How many lines in these entries contain the string "fixes"? Reply with the number alone.
┌─ Source material
text \<open>\<open>T2\<close> cuts an arc through its discontinuity into two pieces and advances the piece
  lying in \<open>[0, 1 - \<alpha>]\<close> by \<open>\<beta>\<close>.\<close>

lemma arc_split_head:
  assumes "0 \<le> lo" "lo < hi" "hi \<le> 1 - \<alpha>" "L - lo \<le> \<alpha>"
  obtains a w r where "lo < a" "a < hi"
    "apply_word \<alpha> \<beta> w (circle_arc c L) \<subseteq> circle_arc (c + r + \<beta>) a \<union> circle_arc (c + a + r) (L - a)"
proof -
  obtain m :: nat where m: "1 - \<alpha> - hi < frac (c + real m * \<alpha>)" "frac (c + real m * \<alpha>) < 1 - \<alpha> - lo"
    using frac_orbit_hits_interval[OF alpha_irrational, of "1 - \<alpha> - hi" "1 - \<alpha> - lo" c] assms alpha_pos
    by auto
  define u where "u = frac (c + real m * \<alpha>)"
  define a where "a = 1 - \<alpha> - u"
  have u: "0 \<le> u" "u + L < 1" and a: "lo < a" "a < hi"
    using m assms unfolding u_def a_def by auto
  have "apply_word \<alpha> \<beta> (replicate m True @ [False]) (circle_arc c L) = Tsel \<alpha> \<beta> False ` {u..u+L}"
    using circle_arc_frac_add[of "c + real m * \<alpha>" 0 L] circle_arc_eq_interval[OF u]
    by (simp add: apply_word_append apply_word_rotations u_def)
  also have "\<dots> \<subseteq> circle_arc (u + \<alpha> + \<beta>) a \<union> circle_arc 1 (L - a)"
    using T2_image_interval[of \<alpha> \<beta> u L] by (simp add: a_def algebra_simps)
  also have "circle_arc (u + \<alpha> + \<beta>) a = circle_arc (c + (real m * \<alpha> + \<alpha>) + \<beta>) a"
    by (rule circle_arc_shift) (simp add: u_def frac_def)
  also have "circle_arc 1 (L - a) = circle_arc (c + a + (real m * \<alpha> + \<alpha>)) (L - a)"
    by (rule circle_arc_shift) (simp add: u_def a_def frac_def)
  finally show thesis
    using a by (intro that) auto
qed

lemma arc_split_tail:
  assumes "0 \<le> lo" "lo < hi" "hi \<le> \<alpha>" "L - lo \<le> 1 - \<alpha>"
  obtains a w r where "lo < a" "a < hi"
    "apply_word \<alpha> \<beta> w (circle_arc c L) \<subseteq> circle_arc (c + r) a \<union> circle_arc (c + a + r + \<beta>) (L - a)"
proof -
  obtain m :: nat where m: "1 - hi < frac (c + real m * \<alpha>)" "frac (c + real m * \<alpha>) < 1 - lo"
    using frac_orbit_hits_interval[OF alpha_irrational, of "1 - hi" "1 - lo" c] assms alpha_less_1
    by auto
  define u where "u = frac (c + real m * \<alpha>)"
  define a where "a = 1 - u"
  have u: "0 \<le> u" "u < 1" and a: "lo < a" "a < hi"
    using m unfolding u_def a_def by (auto simp: frac_lt_1)
  have "apply_word \<alpha> \<beta> (replicate m True @ [False]) (circle_arc c L) = Tsel \<alpha> \<beta> False ` circle_arc u L"
    using circle_arc_frac_add[of "c + real m * \<alpha>" 0 L]
    by (simp add: apply_word_append apply_word_rotations u_def)
  also have "\<dots> \<subseteq> circle_arc (u + \<alpha>) a \<union> circle_arc (1 + \<alpha> + \<beta>) (L - a)"
  proof -
    have "1 - \<alpha> < u" "u + L \<le> 2 - \<alpha>"
      using a assms unfolding a_def by auto
    from T2_image_arc_through_0[where \<beta> = \<beta>, OF this(1) u(2) this(2)] show ?thesis
      by (simp add: a_def algebra_simps)
  qed
  also have "circle_arc (u + \<alpha>) a = circle_arc (c + (real m * \<alpha> + \<alpha>)) a"
    by (rule circle_arc_shift) (simp add: u_def frac_def)
  also have "circle_arc (1 + \<alpha> + \<beta>) (L - a) = circle_arc (c + a + (real m * \<alpha> + \<alpha>) + \<beta>) (L - a)"
    by (rule circle_arc_shift) (simp add: u_def a_def frac_def)
  finally show thesis
    using a by (intro that) auto
qed

text \<open>After the split, the offset of the two pieces runs along the orbit of \<open>\<beta>\<close> (resp. \<open>-\<beta>\<close>)
  without the pieces colliding; at its first return \<open>t\<close> to \<open>[0, L]\<close> they overlap and fit into one arc.\<close>

lemma shrinks_to_head:
  assumes J: "1 \<le> J" "t = frac (real J * \<beta>)" "\<And>i. 1 \<le> i \<Longrightarrow> i < J \<Longrightarrow> L < frac (real i * \<beta>)"
    and a: "t \<le> lo" "lo < hi" "hi \<le> 1 - \<alpha>" "hi \<le> L" "L - lo \<le> \<alpha>"
  shows "shrinks_to \<alpha> \<beta> L (max (L - t) hi)"
  unfolding shrinks_to_def
proof
  fix c
  have "0 \<le> lo"
    using a(1) unfolding J(2) by (rule order_trans[OF frac_ge_0])
  then obtain a w1 r where a': "lo < a" "a < hi" and w1: "apply_word \<alpha> \<beta> w1 (circle_arc c L)
      \<subseteq> circle_arc (c + r + \<beta>) a \<union> circle_arc (c + a + r) (L - a)"
    using arc_split_head[where \<beta>=\<beta>, OF _ a(2,3,5)] by blast
  define p q where "p = c + r + \<beta>" and "q = c + a + r"
  have gaps: "L - a < frac (p - q + real i * \<beta>) \<and> frac (p - q + real i * \<beta>) < 1 - a"
    if "i < J - 1" for i
  proof -
    have "p - q + real i * \<beta> = real (Suc i) * \<beta> - a"
      by (simp add: p_def q_def algebra_simps)
    moreover have "L < frac (real (Suc i) * \<beta>)"
      using J(3)[of "Suc i"] that by simp
    ultimately show ?thesis
      using frac_diff_bounds[of L "real (Suc i) * \<beta>" a] a a' \<open>0 \<le> lo\<close> by simp
  qed
  have "\<exists>w2 r2. apply_word \<alpha> \<beta> w2 (apply_word \<alpha> \<beta> w1 (circle_arc c L))
      \<subseteq> circle_arc (p + r2 + real (J - 1) * \<beta>) a \<union> circle_arc (q + r2) (L - a)"
    by (rule two_arcs_shift[OF _ _ _ _ w1[folded p_def q_def] gaps]) (use a a' \<open>0 \<le> lo\<close> in linarith)+
  then obtain w2 r2 where "apply_word \<alpha> \<beta> w2 (apply_word \<alpha> \<beta> w1 (circle_arc c L))
      \<subseteq> circle_arc (p + r2 + real (J - 1) * \<beta>) a \<union> circle_arc (q + r2) (L - a)"
    by blast
  also have "\<dots> \<subseteq> circle_arc (q + r2 + t - a) (max (L - a + a - t) a)"
  proof (rule circle_arc_Un_subset)
    have "p + r2 + real (J - 1) * \<beta> - (q + r2) - (t - a) = real J * \<beta> - frac (real J * \<beta>)"
      using J(1,2) by (simp add: p_def q_def algebra_simps)
    then show "p + r2 + real (J - 1) * \<beta> - (q + r2) - (t - a) \<in> \<int>"
      by (simp add: frac_def)
  qed (use a a' in auto)
  also have "\<dots> \<subseteq> circle_arc (q + r2 + t - a) (max (L - t) hi)"
    by (rule circle_arc_mono) (use a' in auto)
  finally show "\<exists>w c'. apply_word \<alpha> \<beta> w (circle_arc c L) \<subseteq> circle_arc c' (max (L - t) hi)"
    by (metis apply_word_append)
qed

lemma shrinks_to_tail:
  assumes J: "1 \<le> J" "t = frac (real J * - \<beta>)" "\<And>i. 1 \<le> i \<Longrightarrow> i < J \<Longrightarrow> L < frac (real i * - \<beta>)"
    and a: "t \<le> lo" "lo < hi" "hi \<le> \<alpha>" "hi \<le> L" "L - lo \<le> 1 - \<alpha>"
  shows "shrinks_to \<alpha> \<beta> L (max (L - t) hi)"
  unfolding shrinks_to_def
proof
  fix c
  have "0 \<le> lo"
    using a(1) unfolding J(2) by (rule order_trans[OF frac_ge_0])
  then obtain a w1 r where a': "lo < a" "a < hi" and w1: "apply_word \<alpha> \<beta> w1 (circle_arc c L)
      \<subseteq> circle_arc (c + r) a \<union> circle_arc (c + a + r + \<beta>) (L - a)"
    using arc_split_tail[where \<beta>=\<beta>, OF _ a(2,3,5)] by blast
  define p q where "p = c + a + r + \<beta>" and "q = c + r"
  have w1': "apply_word \<alpha> \<beta> w1 (circle_arc c L) \<subseteq> circle_arc p (L - a) \<union> circle_arc q a"
    using w1 unfolding p_def q_def by blast
  have gaps: "a < frac (p - q + real i * \<beta>) \<and> frac (p - q + real i * \<beta>) < 1 - (L - a)"
    if "i < J - 1" for i
  proof -
    have "p - q + real i * \<beta> = a + real (Suc i) * \<beta>"
      by (simp add: p_def q_def algebra_simps)
    moreover have "L < frac (- (real (Suc i) * \<beta>))"
      using J(3)[of "Suc i"] that by simp
    ultimately show ?thesis
      using frac_add_bounds[of L "real (Suc i) * \<beta>" a] a a' \<open>0 \<le> lo\<close> by simp
  qed
  have "\<exists>w2 r2. apply_word \<alpha> \<beta> w2 (apply_word \<alpha> \<beta> w1 (circle_arc c L))
      \<subseteq> circle_arc (p + r2 + real (J - 1) * \<beta>) (L - a) \<union> circle_arc (q + r2) a"
    by (rule two_arcs_shift[OF _ _ _ _ w1' gaps]) (use a a' \<open>0 \<le> lo\<close> in linarith)+
  then obtain w2 r2 where "apply_word \<alpha> \<beta> w2 (apply_word \<alpha> \<beta> w1 (circle_arc c L))
      \<subseteq> circle_arc (p + r2 + real (J - 1) * \<beta>) (L - a) \<union> circle_arc (q + r2) a"
    by blast
  also have "\<dots> \<subseteq> circle_arc (p + r2 + real (J - 1) * \<beta> + t - a) (max (L - a + a - t) a)"
  proof (subst Un_commute, rule circle_arc_Un_subset)
    have "q + r2 - (p + r2 + real (J - 1) * \<beta>) - (t - a) = real J * - \<beta> - frac (real J * - \<beta>)"
      using J(1,2) by (simp add: p_def q_def algebra_simps)
    then show "q + r2 - (p + r2 + real (J - 1) * \<beta>) - (t - a) \<in> \<int>"
      by (simp add: frac_def)
  qed (use a a' in auto)
  also have "\<dots> \<subseteq> circle_arc (p + r2 + real (J - 1) * \<beta> + t - a) (max (L - t) hi)"
    by (rule circle_arc_mono) (use a' in auto)
  finally show "\<exists>w c'. apply_word \<alpha> \<beta> w (circle_arc c L) \<subseteq> circle_arc c' (max (L - t) hi)"
    by (metis apply_word_append)
qed

end

locale small_double_rotation = irrational_rotation +
  fixes \<beta> :: real
  assumes beta_pos: "0 < \<beta>" and beta_irrational: "\<beta> \<notin> \<rat>"
    and beta_less_alpha: "\<beta> < \<alpha>" and beta_less_1_minus_alpha: "\<beta> < 1 - \<alpha>"
begin

lemma shrinks_to_uniform_head:
  assumes "L < 1" and J: "1 \<le> J" "t = frac (real J * \<beta>)" "0 < t" "t < L" "t \<le> \<beta>" "0 < g"
    "\<And>i. 1 \<le> i \<Longrightarrow> i < J \<Longrightarrow> L + g \<le> frac (real i * \<beta>)"
  shows "\<exists>r>0. L + r < 1 \<and> shrinks_to \<alpha> \<beta> (L + r) (L - r)"
proof -
  define m where "m = min (min t (L - t)) (min g (min (1 - L) \<alpha>))"
  have "0 < m" "m \<le> t" "m \<le> L - t" "m \<le> g" "m \<le> 1 - L" "m \<le> \<alpha>"
    using J(3,4,6) \<open>L < 1\<close> alpha_pos unfolding m_def by auto
  define r where "r = m / 4"
  have r: "0 < r" "2 * r \<le> t" "2 * r \<le> L - t" "r < g" "2 * r < 1 - L" "2 * r < \<alpha>"
    using \<open>0 < m\<close> \<open>m \<le> t\<close> \<open>m \<le> L - t\<close> \<open>m \<le> g\<close> \<open>m \<le> 1 - L\<close> \<open>m \<le> \<alpha>\<close>
    unfolding r_def by linarith+
  have "shrinks_to \<alpha> \<beta> (L + r) (max (L + r - t) (min (L - r) (1 - \<alpha>)))"
  proof (rule shrinks_to_head[OF J(1,2), where lo = "max t (L + r - \<alpha>)"])
    show "L + r < frac (real i * \<beta>)" if "1 \<le> i" "i < J" for i
      using J(7)[OF that] r by linarith
  qed (use r J(5) beta_less_1_minus_alpha in auto)
  moreover have "max (L + r - t) (min (L - r) (1 - \<alpha>)) \<le> L - r"
    using r by auto
  ultimately have "shrinks_to \<alpha> \<beta> (L + r) (L - r)"
    by (rule shrinks_to_mono[OF _ order_refl])
  with r show ?thesis by auto
qed
(* Let $\bar D$ be any distribution over $\mathcal{X}\times\{0,1\}$ with random variables $(\mathsf X,\bar{\mathsf Y})\sim\bar D$, and let $f\colon\mathcal X\to[0,1]$ be any randomised classifier. Let $\tau\in[0,1]$ and put $c:=\frac{1}{1+\tau}\in[\tfrac12,1]$. Then: (i) if $\mathrm{FNR}(f;\bar D)<1$, then $\mathrm{DI}(f;\bar D)\ge\tau \iff \mathrm{CS}_{\mathrm{bal}}(f;\bar D,c)\ge 1-c$; (ii) if $0<\mathrm{FNR}(f;\bar D)<1$, then $\mathrm{DI}^\diamond(f;\bar D)\ge\tau \iff \mathrm{CS}_{\mathrm{bal}}(f;\bar D,c)\in[1-c,\,c]$.
   Context: A randomised classifier $f\colon\mathcal X\to[0,1]$ predicts label $1$ on $x$ with probability $f(x)$. For a distribution $\bar D$ of $(\mathsf X,\bar{\mathsf Y})$ on $\mathcal X\times\{0,1\}$: $\mathrm{FNR}(f;\bar D)=\mathbb E_{\mathsf X\mid\bar{\mathsf Y}=1}[1-f(\mathsf X)]$, $\mathrm{FPR}(f;\bar D)=\mathbb E_{\mathsf X\mid\bar{\mathsf Y}=0}[f(\mathsf X)]$. The balanced cost-sensitive risk is $\mathrm{CS}_{\mathrm{bal}}(f;\bar D,c)=(1-c)\,\mathrm{FNR}(f;\bar D)+c\,\mathrm{FPR}(f;\bar D)$. The disparate impact factor is $\mathrm{DI}(f;\bar D)=\frac{\mathrm{FPR}(f;\bar D)}{1-\mathrm{FNR}(f;\bar D)}$, and its symmetrised version is $\mathrm{DI}^\diamond(f;\bar D)=\min\big(\mathrm{DI}(f;\bar D),\mathrm{DI}(1-f;\bar D)\big)$, where $1-f$ is the classifier $x\mapsto 1-f(x)$. *)

theory Defs
  imports "HOL-Probability.Probability"
begin

text \<open>A distribution over X x {0,1} is a probability measure D on the product
  space (label 1 = True, label 0 = False).  Conditional expectation of g(X) given
  label b is E[g(X) 1{Y=b}] / P(Y=b).\<close>

definition cond_exp_label :: "('x \<times> bool) measure \<Rightarrow> bool \<Rightarrow> ('x \<Rightarrow> real) \<Rightarrow> real" where
  "cond_exp_label D b g =
     (\<integral>p. (if snd p = b then g (fst p) else 0) \<partial>D) / measure D {p \<in> space D. snd p = b}"

definition FNR :: "('x \<Rightarrow> real) \<Rightarrow> ('x \<times> bool) measure \<Rightarrow> real" where
  "FNR f D = cond_exp_label D True (\<lambda>x. 1 - f x)"

definition FPR :: "('x \<Rightarrow> real) \<Rightarrow> ('x \<times> bool) measure \<Rightarrow> real" where
  "FPR f D = cond_exp_label D False f"

definition CS_bal :: "('x \<Rightarrow> real) \<Rightarrow> ('x \<times> bool) measure \<Rightarrow> real \<Rightarrow> real" where
  "CS_bal f D c = (1 - c) * FNR f D + c * FPR f D"

definition DI :: "('x \<Rightarrow> real) \<Rightarrow> ('x \<times> bool) measure \<Rightarrow> real" where
  "DI f D = FPR f D / (1 - FNR f D)"

definition DI_sym :: "('x \<Rightarrow> real) \<Rightarrow> ('x \<times> bool) measure \<Rightarrow> real" where
  "DI_sym f D = min (DI f D) (DI (\<lambda>x. 1 - f x) D)"

end

theory Submission
  imports Defs
begin

text \<open>With \<open>c = 1/(1+\<tau>)\<close> one has \<open>1 - c = \<tau> c\<close>, so after clearing the positive
  denominator the inequality \<open>DI \<ge> \<tau>\<close> is a linear inequality in \<open>FNR\<close> and \<open>FPR\<close>,
  namely \<open>CS_bal \<ge> 1 - c\<close>. Replacing \<open>f\<close> by \<open>1 - f\<close> swaps the roles of the
  two error rates up to complementation, and the same computation turns
  \<open>DI(1 - f) \<ge> \<tau>\<close> into \<open>CS_bal \<le> c\<close>.\<close>

lemma le_divide_iff_cost_weighted:
  fixes \<tau> c d n :: real
  assumes "\<tau> > -1" "c = 1 / (1 + \<tau>)" "d > 0"
  shows "\<tau> \<le> n / d \<longleftrightarrow> (1 - c) * d \<le> c * n"
proof -
  have "1 + \<tau> > 0"
    using assms(1) by simp
  then have c_pos: "c > 0" and one_minus_c: "1 - c = c * \<tau>"
    unfolding assms(2) by (simp_all add: field_simps)
  have "\<tau> \<le> n / d \<longleftrightarrow> \<tau> * d \<le> n"
    using assms(3) by (simp add: pos_le_divide_eq)
  also have "\<dots> \<longleftrightarrow> c * (\<tau> * d) \<le> c * n"
    using c_pos by simp
  finally show ?thesis
    by (simp add: one_minus_c mult.assoc)
qed

lemma DI_ge_iff_CS_bal_ge:
  assumes "\<tau> > -1" "c = 1 / (1 + \<tau>)" "FNR f D < 1"
  shows "\<tau> \<le> DI f D \<longleftrightarrow> 1 - c \<le> CS_bal f D c"
  using le_divide_iff_cost_weighted[OF assms(1,2), of "1 - FNR f D" "FPR f D"] assms(3)
  by (simp add: DI_def CS_bal_def algebra_simps)

lemma DI_complement_ge_iff_CS_bal_le:
  assumes "\<tau> > -1" "c = 1 / (1 + \<tau>)" "0 < FNR f D"
    and "FNR (\<lambda>x. 1 - f x) D = 1 - FNR f D"
    and "FPR (\<lambda>x. 1 - f x) D = 1 - FPR f D"
  shows "\<tau> \<le> DI (\<lambda>x. 1 - f x) D \<longleftrightarrow> CS_bal f D c \<le> c"
  unfolding DI_def CS_bal_def assms(4,5)
  using le_divide_iff_cost_weighted[OF assms(1,2), of "FNR f D" "1 - FPR f D"] assms(3)
  by (simp add: algebra_simps)

text \<open>If the negative class is null, both false positive rates vanish, so
  \<open>DI\<^sup>\<diamond> = 0\<close>; the upper bound \<open>CS_bal \<le> c\<close> then holds automatically because
  \<open>c \<ge> 1/2\<close>, which is where \<open>\<tau> \<le> 1\<close> is needed.\<close>

lemma DI_sym_ge_iff_CS_bal_mem_null_negatives:
  assumes "0 \<le> \<tau>" "\<tau> \<le> 1" "c = 1 / (1 + \<tau>)" "FNR f D < 1"
    and "FPR f D = 0" "FPR (\<lambda>x. 1 - f x) D = 0"
  shows "\<tau> \<le> DI_sym f D \<longleftrightarrow> CS_bal f D c \<in> {1 - c .. c}"
proof -
  have "1 + \<tau> > 0"
    using assms(1) by simp
  then have "1 / 2 \<le> c" "c \<le> 1"
    using assms(1,2) unfolding assms(3) by (simp_all add: field_simps)
  then have "1 - c \<le> c" "0 \<le> 1 - c"
    by simp_all
  then have "(1 - c) * FNR f D \<le> c"
    using assms(4) mult_left_le[of "FNR f D" "1 - c"] by linarith
  then have "CS_bal f D c \<le> c"
    using assms(5) by (simp add: CS_bal_def)
  moreover have "DI_sym f D = DI f D"
    using assms(5,6) by (simp add: DI_sym_def DI_def)
  ultimately show ?thesis
    using DI_ge_iff_CS_bal_ge[of \<tau> c f D] assms(1,3,4) by auto
qed

lemma cond_exp_label_null:
  assumes "measure D {p \<in> space D. snd p = b} = 0"
  shows "cond_exp_label D b g = 0"
  using assms by (simp add: cond_exp_label_def)

lemma DI_sym_ge_iff_CS_bal_mem:
  assumes "0 \<le> \<tau>" "\<tau> \<le> 1" "c = 1 / (1 + \<tau>)" and FNR: "0 < FNR f D" "FNR f D < 1"
    and complement: "\<And>b. measure D {p \<in> space D. snd p = b} \<noteq> 0 \<Longrightarrow>
      cond_exp_label D b (\<lambda>x. 1 - f x) = 1 - cond_exp_label D b f"
  shows "\<tau> \<le> DI_sym f D \<longleftrightarrow> CS_bal f D c \<in> {1 - c .. c}"
proof (cases "measure D {p \<in> space D. snd p = False} = 0")
  case True
  then have "FPR f D = 0" "FPR (\<lambda>x. 1 - f x) D = 0"
    unfolding FPR_def by (simp_all add: cond_exp_label_null)
  then show ?thesis
    by (rule DI_sym_ge_iff_CS_bal_mem_null_negatives[OF assms(1-3) FNR(2)])
next
  case False
  have tau_gt: "\<tau> > -1"
    using assms(1) by simp
  have "measure D {p \<in> space D. snd p = True} \<noteq> 0"
  proof
    assume "measure D {p \<in> space D. snd p = True} = 0"
    then have "FNR f D = 0"
      unfolding FNR_def by (rule cond_exp_label_null)
    with FNR(1) show False
      by simp
  qed
  then have "FNR (\<lambda>x. 1 - f x) D = 1 - FNR f D"
    unfolding FNR_def by (simp add: complement)
  moreover have "FPR (\<lambda>x. 1 - f x) D = 1 - FPR f D"
    unfolding FPR_def using False by (rule complement)
  ultimately have "\<tau> \<le> DI (\<lambda>x. 1 - f x) D \<longleftrightarrow> CS_bal f D c \<le> c"
    by (rule DI_complement_ge_iff_CS_bal_le[OF tau_gt assms(3) FNR(1)])
  then show ?thesis
    using DI_ge_iff_CS_bal_ge[OF tau_gt assms(3) FNR(2)] by (simp add: DI_sym_def)
qed

lemma cond_exp_label_complement:
  assumes "finite_measure D"
    and S: "{p \<in> space D. snd p = b} \<in> sets D"
    and int: "integrable D (\<lambda>p. if snd p = b then g (fst p) else 0)"
    and nonnull: "measure D {p \<in> space D. snd p = b} \<noteq> 0"
  shows "cond_exp_label D b (\<lambda>x. 1 - g x) = 1 - cond_exp_label D b g"
proof -
  let ?S = "{p \<in> space D. snd p = b}"
  have "integrable D (indicator ?S :: _ \<Rightarrow> real)"
    using S finite_measure.emeasure_finite[OF assms(1)]
    by (simp add: integrable_indicator_iff less_top[symmetric])
  have "(\<integral>p. (if snd p = b then 1 - g (fst p) else 0) \<partial>D)
      = (\<integral>p. indicator ?S p - (if snd p = b then g (fst p) else 0) \<partial>D)"
    by (rule Bochner_Integration.integral_cong) (auto simp: indicator_def)
  also have "\<dots> = measure D ?S - (\<integral>p. (if snd p = b then g (fst p) else 0) \<partial>D)"
    using \<open>integrable D (indicator ?S)\<close> int S by simp
  finally show ?thesis
    using nonnull unfolding cond_exp_label_def by (simp add: field_simps)
qed

lemma label_class_in_sets:
  assumes "sets D = sets (M \<Otimes>\<^sub>M count_space (UNIV :: bool set))"
  shows "{p \<in> space D. snd p = b} \<in> sets D"
proof -
  have "snd \<in> measurable D (count_space UNIV)"
    using measurable_snd measurable_cong_sets[OF assms refl] by blast
  then have "snd -` {b} \<inter> space D \<in> sets D"
    by (rule measurable_sets) simp
  moreover have "snd -` {b} \<inter> space D = {p \<in> space D. snd p = b}"
    by auto
  ultimately show ?thesis
    by simp
qed

lemma integrable_restrict_label:
  fixes g :: "'x \<Rightarrow> real"
  assumes "finite_measure D"
    and sets_D: "sets D = sets (M \<Otimes>\<^sub>M count_space (UNIV :: bool set))"
    and g: "g \<in> borel_measurable M" "\<And>x. x \<in> space M \<Longrightarrow> \<bar>g x\<bar> \<le> B"
  shows "integrable D (\<lambda>p. if snd p = b then g (fst p) else 0)"
proof (rule finite_measure.integrable_const_bound[OF assms(1), where B = B])
  have "space D = space M \<times> UNIV"
    using sets_eq_imp_space_eq[OF sets_D] by (simp add: space_pair_measure)
  then show "AE p in D. norm (if snd p = b then g (fst p) else 0) \<le> B"
    using g(2) order_trans[OF abs_ge_zero g(2)] by (intro AE_I2) auto
  have "fst \<in> measurable D M"
    using measurable_fst measurable_cong_sets[OF sets_D refl] by blast
  then have "(\<lambda>p. g (fst p)) \<in> borel_measurable D"
    using measurable_comp g(1) unfolding comp_def by blast
  then show "(\<lambda>p. if snd p = b then g (fst p) else 0) \<in> borel_measurable D"
    using label_class_in_sets[OF sets_D] by (intro measurable_If) auto
qed

theorem lemma1:
  fixes M :: "'x measure" and D :: "('x \<times> bool) measure"
    and f :: "'x \<Rightarrow> real" and \<tau> c :: real
  assumes D: "prob_space D"
    and sets_D: "sets D = sets (M \<Otimes>\<^sub>M count_space (UNIV :: bool set))"
    and f_meas: "f \<in> borel_measurable M"
    and f_range: "\<And>x. x \<in> space M \<Longrightarrow> 0 \<le> f x \<and> f x \<le> 1"
    and tau: "0 \<le> \<tau>" "\<tau> \<le> 1"
    and c_def: "c = 1 / (1 + \<tau>)"
  shows "(FNR f D < 1 \<longrightarrow> (DI f D \<ge> \<tau> \<longleftrightarrow> CS_bal f D c \<ge> 1 - c))
       \<and> (0 < FNR f D \<and> FNR f D < 1 \<longrightarrow>
            (DI_sym f D \<ge> \<tau> \<longleftrightarrow> CS_bal f D c \<in> {1 - c .. c}))"
proof -
  have fin: "finite_measure D"
    using D by (simp add: prob_space_def)
  have f_bound: "\<bar>f x\<bar> \<le> 1" if "x \<in> space M" for x
    using f_range[OF that] by simp
  have complement: "cond_exp_label D b (\<lambda>x. 1 - f x) = 1 - cond_exp_label D b f"
    if "measure D {p \<in> space D. snd p = b} \<noteq> 0" for b
    by (rule cond_exp_label_complement[OF fin label_class_in_sets[OF sets_D]
          integrable_restrict_label[OF fin sets_D f_meas f_bound] that])
  have "\<tau> > -1"
    using tau by simp
  then show ?thesis
    using DI_ge_iff_CS_bal_ge[OF _ c_def, of f D]
      DI_sym_ge_iff_CS_bal_mem[OF tau c_def _ _ complement] by blast
qed

end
└─
- Solution for this problem: 4